JuliaHEP / UnROOT.jl

Native Julia I/O package to work with CERN ROOT files objects (TTree and RNTuple)
https://juliahep.github.io/UnROOT.jl/
MIT License
96 stars 17 forks source link

[RNTuple] accessing nested structs is not lazy enough #314

Open Moelf opened 6 months ago

Moelf commented 6 months ago

Consider the following top-level field (column in the table analogy)

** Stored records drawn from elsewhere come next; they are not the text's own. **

(* The homogeneous $(-1)$-configurations are exactly: $\mathcal{L}(1,0,2,1)$ and $\mathcal{L}(2,0,5,1)$ (non-compound), and the compound ones $\mathcal{L}(3,0,3,2)$ (with $\delta=1,n=3,\mu_1=0,\mu_2=1$), $\mathcal{L}(12,0,6,5)$ (with $\delta=2,n=6,\mu_1=0,\mu_2=1$), $\mathcal{L}(21,0,7,8)$ (with $\delta=3,n=7,\mu_1=2,\mu_2=1$), and $\mathcal{L}(48,0,8,17)$ (with $\delta=6,n=8,\mu_1=3,\mu_2=2$).
   Context: Let $p_1,\dots,p_n$ be general points of $\mathbb{P}^2$, $\mathbb{P}'$ the blow-up with pulled-back line class $H$, exceptional curves $E_i$, canonical class $K=-3H+\sum E_i$. $\mathcal{L}(d,0,n,m)$ denotes the class $dH-m\sum_{i=1}^nE_i$ (plane curves of degree $d$ with multiplicity $m$ at $p_1,\dots,p_n$). A numerical $(-1)$-class is a class $A$ with $A^2=-1$ and $A\cdot K=-1$. A homogeneous $(-1)$-configuration is either (non-compound) a class $\mathcal{L}(d,0,n,m)$ which is itself a numerical $(-1)$-class, or (compound) a class of the form $\sum_{\sigma}A_\sigma$ where $n\ge2$, $A=\delta H-\mu_1E_1-\mu_2\sum_{i=2}^nE_i$ is a numerical $(-1)$-class with $\delta\ge1$, $\mu_1,\mu_2\ge0$, $\mu_1\ne\mu_2$, the $A_\sigma$ are the $n$ distinct classes obtained from $A$ by permuting $E_1,\dots,E_n$, and $A_\sigma\cdot A_\tau=0$ for $A_\sigma\neq A_\tau$; this sum is $\mathcal{L}(n\delta,0,n,\mu_1+(n-1)\mu_2)$ (and necessarily $\mu_1=\mu_2\pm1$). *)

theory Defs
  imports "HOL-Combinatorics.Permutations"
begin

text \<open>Divisor classes on the blow-up of the plane at n general points p_0,...,p_{n-1}.
  A class d H - sum_i m_i E_i is represented by the pair (d, m) with m :: nat => int;
  only the values m i for i < n are meaningful (by convention they are 0 for i >= n).\<close>

type_synonym cls = "int \<times> (nat \<Rightarrow> int)"

text \<open>Intersection form: H.H = 1, E_i.E_i = -1, all other products 0.\<close>
definition dotp :: "nat \<Rightarrow> cls \<Rightarrow> cls \<Rightarrow> int" where
  "dotp n A B = fst A * fst B - (\<Sum>i<n. snd A i * snd B i)"

text \<open>Canonical class K = -3H + sum E_i, i.e. d = -3 and all multiplicities -1.\<close>
definition canon :: "nat \<Rightarrow> cls" where
  "canon n = (-3, \<lambda>i. if i < n then -1 else 0)"

definition minus_one_class :: "nat \<Rightarrow> cls \<Rightarrow> bool" where
  "minus_one_class n A \<longleftrightarrow> dotp n A A = -1 \<and> dotp n A (canon n) = -1"

text \<open>The homogeneous class L(d,0,n,m) = dH - m sum_{i<n} E_i.\<close>
definition Lcls :: "nat \<Rightarrow> int \<Rightarrow> int \<Rightarrow> cls" where
  "Lcls n d m = (d, \<lambda>i. if i < n then m else 0)"

definition perm_cls :: "(nat \<Rightarrow> nat) \<Rightarrow> cls \<Rightarrow> cls" where
  "perm_cls \<sigma> A = (fst A, snd A \<circ> \<sigma>)"

definition cls_sum :: "cls set \<Rightarrow> cls" where
  "cls_sum S = ((\<Sum>c\<in>S. fst c), (\<lambda>i. \<Sum>c\<in>S. snd c i))"

definition Acls :: "nat \<Rightarrow> int \<Rightarrow> int \<Rightarrow> int \<Rightarrow> cls" where
  "Acls n \<delta> \<mu>1 \<mu>2 = (\<delta>, \<lambda>i. if i = 0 then \<mu>1 else if i < n then \<mu>2 else 0)"

definition perm_orbit :: "nat \<Rightarrow> cls \<Rightarrow> cls set" where
  "perm_orbit n A = (\<lambda>\<sigma>. perm_cls \<sigma> A) ` {\<sigma>. \<sigma> permutes {..<n}}"

definition noncompound_config :: "nat \<Rightarrow> cls \<Rightarrow> bool" where
  "noncompound_config n C \<longleftrightarrow>
     (\<exists>d m. d \<ge> 0 \<and> m \<ge> 0 \<and> C = Lcls n d m \<and> minus_one_class n C)"
theory Submission
  imports Defs
begin

text \<open>The sections of L form the common kernel, in
  V = H^0(O(d_\<alpha>)) \<oplus> H^0(O(d_\<beta>)), of the four node conditions
  f(P_e) = \<lambda>_e g(Q_e). If d_\<alpha> \<ge> 3, for every node e some section of
  O(d_\<alpha>) vanishes at the other three nodes but not at P_e (a product of linear forms),
  so the four conditions are independent and h^0 = dim V - 4 on the whole family; likewise
  if d_\<beta> \<ge> 3. If both degrees are at most 2 and one is negative, the other component
  carries a section of degree at most 2 vanishing at four points, so h^0 = 0. If both
  degrees lie in [0, 2], place both sets of nodes at 0, 1, 2, 3: the first three conditions
  force f = g, so trivial descent data give {(f, f)}, whereas doubling \<lambda>_3 adds the
  condition f(3) = 0 and lowers h^0 by one.\<close>

lemma Hom_iff: "0 \<le> d \<Longrightarrow> f \<in> Hom d \<longleftrightarrow> degree f \<le> nat d"
  by (simp add: Hom_def)

lemma Hom_neg_iff: "d < 0 \<Longrightarrow> f \<in> Hom d \<longleftrightarrow> f = 0"
  by (simp add: Hom_def)

lemma degree_le_if_Hom: "f \<in> Hom d \<Longrightarrow> degree f \<le> nat d"
  by (auto simp: Hom_def split: if_splits)

lemma zero_in_Hom [simp]: "0 \<in> Hom d"
  by (simp add: Hom_def)

lemma Hom_add: "f \<in> Hom d \<Longrightarrow> g \<in> Hom d \<Longrightarrow> f + g \<in> Hom d"
  by (auto simp: Hom_def split: if_splits intro: order_trans[OF degree_add_le])

lemma Hom_smult: "f \<in> Hom d \<Longrightarrow> smult c f \<in> Hom d"
  by (auto simp: Hom_def split: if_splits intro: order_trans[OF degree_smult_le])

lemma heval_zero [simp]: "heval d 0 v = 0"
  by (simp add: heval_def)

lemma heval_add: "heval d (p + q) v = heval d p v + heval d q v"
  by (simp add: heval_def algebra_simps sum.distrib)

lemma heval_smult: "heval d (smult c p) v = c * heval d p v"
  by (simp add: heval_def algebra_simps sum_distrib_left)

lemma heval_eq_poly:
  assumes "snd v \<noteq> 0" "degree p \<le> nat d"
  shows "heval d p v = snd v ^ nat d * poly p (fst v / snd v)"
proof -
  have "poly p (fst v / snd v) = (\<Sum>i\<le>nat d. coeff p i * (fst v / snd v) ^ i)"
    unfolding poly_altdef
    by (rule sum.mono_neutral_left) (use assms in \<open>auto simp: coeff_eq_0\<close>)
  hence "snd v ^ nat d * poly p (fst v / snd v) =
      (\<Sum>i\<le>nat d. coeff p i * (snd v ^ nat d * (fst v / snd v) ^ i))"
    by (simp add: sum_distrib_left algebra_simps)
  also have "\<dots> = (\<Sum>i\<le>nat d. coeff p i * fst v ^ i * snd v ^ (nat d - i))"
  proof (rule sum.cong)
    fix i assume "i \<in> {..nat d}"
    hence "snd v ^ nat d = snd v ^ i * snd v ^ (nat d - i)"
      by (simp add: power_add[symmetric])
    thus "coeff p i * (snd v ^ nat d * (fst v / snd v) ^ i) =
        coeff p i * fst v ^ i * snd v ^ (nat d - i)"
      using assms(1) by (simp add: power_divide field_simps)
  qed simp
  finally show ?thesis by (simp add: heval_def)
qed

lemma heval_snd_eq_0:
  assumes "snd v = 0"
  shows "heval d p v = coeff p (nat d) * fst v ^ nat d"
proof -
  have "heval d p v = (\<Sum>i\<le>nat d. if i = nat d then coeff p i * fst v ^ i else 0)"
    unfolding heval_def by (rule sum.cong) (use assms in auto)
  thus ?thesis by simp
qed

lemma coeff_mult_degree_bound:
  fixes p q :: "'a::comm_semiring_0 poly"
  assumes "degree p \<le> a" "degree q \<le> b"
  shows "coeff (p * q) (a + b) = coeff p a * coeff q b"
proof (cases "degree p = a \<and> degree q = b")
  case True
  thus ?thesis using coeff_mult_degree_sum[of p q] by simp
next
  case False
  hence "degree p < a \<or> degree q < b" using assms by auto
  thus ?thesis using assms degree_mult_le[of p q] by (auto simp: coeff_eq_0)
qed

lemma heval_mult:
  assumes "degree p \<le> a" "degree q \<le> b"
  shows "heval (int (a + b)) (p * q) v = heval (int a) p v * heval (int b) q v"
proof (cases "snd v = 0")
  case True
  thus ?thesis using coeff_mult_degree_bound[OF assms]
    by (simp add: heval_snd_eq_0 power_add nat_int_add)
next
  case False
  have "degree (p * q) \<le> a + b" using degree_mult_le[of p q] assms by simp
  thus ?thesis using False assms by (simp add: heval_eq_poly power_add nat_int_add)
qed

lemma degree_power_le_if_linear: "degree L \<le> 1 \<Longrightarrow> degree (L ^ n) \<le> n"
  using degree_power_le[of L n] by (metis dual_order.trans mult.commute mult_le_mono2 mult_1_right)

lemma heval_power:
  assumes "degree L \<le> 1"
  shows "heval (int n) (L ^ n) v = heval 1 L v ^ n"
proof (induction n)
  case 0
  thus ?case by (simp add: heval_def)
next
  case (Suc n)
  have "heval (int (1 + n)) (L * L ^ n) v = heval (int 1) L v * heval (int n) (L ^ n) v"
    by (rule heval_mult[OF assms degree_power_le_if_linear[OF assms]])
  thus ?case using Suc by simp
qed

definition vanishing_form :: "complex \<times> complex \<Rightarrow> complex poly" where
  "vanishing_form p = [:- fst p, snd p:]"

lemma degree_vanishing_form: "degree (vanishing_form p) \<le> 1"
  by (simp add: vanishing_form_def)

lemma heval_vanishing_form: "heval 1 (vanishing_form p) v = snd p * fst v - fst p * snd v"
  by (simp add: heval_def vanishing_form_def)

lemma four_points_cross_neq:
  "four_points P \<Longrightarrow> i < 4 \<Longrightarrow> j < 4 \<Longrightarrow> i \<noteq> j \<Longrightarrow>
     fst (P i) * snd (P j) \<noteq> snd (P i) * fst (P j)"
  by (simp add: four_points_def)

lemma heval_vanishing_form_eq_0_iff:
  assumes "four_points P" "i < 4" "j < 4"
  shows "heval 1 (vanishing_form (P j)) (P i) = 0 \<longleftrightarrow> i = j"
  using four_points_cross_neq[OF assms(1,3,2)]
  by (cases "i = j") (auto simp: heval_vanishing_form algebra_simps)

lemma Hom_eq_0_if_vanishes_at_four_points:
  assumes Q: "four_points Q" and g: "g \<in> Hom d" "d \<le> 2"
    and vanish: "\<forall>e<4. heval d g (Q e) = 0"
  shows "g = 0"
proof (cases "d < 0")
  case True
  thus ?thesis using g by (simp add: Hom_neg_iff)
next
  case False
  define Z where "Z = {e. e < 4 \<and> snd (Q e) = 0}"
  define S where "S = {..<4} - Z"
  define r where "r e = fst (Q e) / snd (Q e)" for e
  have Z: "Z \<subseteq> {..<4}" by (auto simp: Z_def)
  have "card Z \<le> Suc 0"
  proof (subst card_le_Suc0_iff_eq)
    show "finite Z" using finite_subset[OF Z] by simp
    show "\<forall>a\<in>Z. \<forall>b\<in>Z. a = b"
      unfolding Z_def
      by (metis (mono_tags) four_points_cross_neq[OF Q] mem_Collect_eq mult_zero_left mult_zero_right)
  qed
  hence "3 \<le> card S"
    using Z by (simp add: S_def card_Diff_subset finite_subset)
  moreover have "inj_on r S"
  proof (rule inj_onI)
    fix a b assume "a \<in> S" "b \<in> S" "r a = r b"
    hence "a < 4" "b < 4" "fst (Q a) * snd (Q b) = snd (Q a) * fst (Q b)"
      by (auto simp: S_def Z_def r_def divide_eq_eq)
    thus "a = b" using four_points_cross_neq[OF Q] by blast
  qed
  moreover have "degree g \<le> 2" using degree_le_if_Hom[OF g(1)] g(2) by linarith
  ultimately have card: "degree g < card (r ` S)" by (simp add: card_image)
  have "poly g (r e) = poly 0 (r e)" if "e \<in> S" for e
  proof -
    have "snd (Q e) \<noteq> 0" "e < 4" using that by (auto simp: S_def Z_def)
    thus ?thesis
      using vanish heval_eq_poly[OF \<open>snd (Q e) \<noteq> 0\<close> degree_le_if_Hom[OF g(1)]]
      by (simp add: r_def)
  qed
  thus "g = 0" by (intro poly_eqI_degree[OF _ card]) (use card in auto)
qed

lemma degree_prod_le_if_linear:
  assumes "finite A" "\<And>j. j \<in> A \<Longrightarrow> degree (L j) \<le> 1"
  shows "degree (\<Prod>j\<in>A. L j) \<le> card A"
  using degree_prod_sum_le[OF assms(1), of L] sum_bounded_above[of A "degree \<circ> L" 1] assms(2)
  by simp

lemma heval_prod:
  assumes "finite A" "\<And>j. j \<in> A \<Longrightarrow> degree (L j) \<le> 1"
  shows "heval (int (card A)) (\<Prod>j\<in>A. L j) v = (\<Prod>j\<in>A. heval 1 (L j) v)"
  using assms
proof (induction A rule: finite_induct)
  case empty
  thus ?case by (simp add: heval_def)
next
  case (insert x A)
  have "heval (int (1 + card A)) (L x * (\<Prod>j\<in>A. L j)) v =
      heval (int 1) (L x) v * heval (int (card A)) (\<Prod>j\<in>A. L j) v"
    using insert.prems insert.hyps(1) by (intro heval_mult degree_prod_le_if_linear) auto
  thus ?case using insert by simp
qed

text \<open>The power factor vanishes only at a node other than P_e, so peak_section P e n, a section of
  O(n + 3), vanishes at the nodes P_i exactly for i \<noteq> e.\<close>
definition peak_section :: "(nat \<Rightarrow> complex \<times> complex) \<Rightarrow> nat \<Rightarrow> nat \<Rightarrow> complex poly" where
  "peak_section P e n = vanishing_form (P (if e = 0 then 1 else 0)) ^ n *
     (\<Prod>j\<in>{..<4} - {e}. vanishing_form (P j))"

lemma card_lessThan_4_Diff_singleton: "e < 4 \<Longrightarrow> card ({..<4::nat} - {e}) = 3"
  by (simp add: card_Diff_singleton)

├─ Symbol("AntiKt4TruthDressedWZJetsAux:") ⇒ Struct
│                                            ├─ :m ⇒ Vector
│                                            │       ├─ :offset ⇒ Leaf{UnROOT.Index64}(col=23)
│                                            │       └─ :content ⇒ Leaf{Float32}(col=24)
│                                            ├─ :pt ⇒ Vector
│                                            │        ├─ :offset ⇒ Leaf{UnROOT.Index64}(col=17)
│                                            │        └─ :content ⇒ Leaf{Float32}(col=18)
│                                            ├─ :eta ⇒ Vector
│                                            │         ├─ :offset ⇒ Leaf{UnROOT.Index64}(col=19)
│                                            │         └─ :content ⇒ Leaf{Float32}(col=20)
│                                            ├─ :constituentWeights ⇒ Vector
│                                            │                        ├─ :offset ⇒ Leaf{UnROOT.Index64}(col=29)
│                                            │                        └─ :content ⇒ Vector
│                                            │                                      ├─ :offset ⇒ Leaf{UnROOT.Index64}(col=30)
│                                            │                                      └─ :content ⇒ Leaf{Float32}(col=31)

currently, when we loop over the events, the access is too "eager":

for evt in rntuple
    evt.var"AntiKt4TruthDressedWZJetsAux:".pt
end

In this case, we only want to access the storage related to the pTs (i.e. rntuple column 17 and 18), but in reality we're reading all the columns (17,18,19,20,23,24,29,30,31) as soon as we do evt.var"AntiKt4TruthDressedWZJetsAux:"

One possible way is to switch to AwkwardArray.jl by @jpivarski, and represent the whole rntuple as a big RecordArray and theoretically it will work for columnar access (i.e. rntuple.var"AntiKt4TruthDressedWZJetsAux:".pt), and it may not solve our event-iteration problem.

Another possible way is to use StructArrays.jl more smartly, @peremato did you run into anything like this in EDM4hep.jl? If so anything you found working?

peremato commented 6 months ago

Another possible way is to use StructArrays.jl more smartly, @peremato did you run into anything like this in EDM4hep.jl? If so anything you found working?

With EDM4hep, I think I do to have this problem since the top level is Vector of POD structs instead of being a struct of vectors as is in this case. It is true that I read all the fields (I guess) because I really construct at the end a SaA of the container.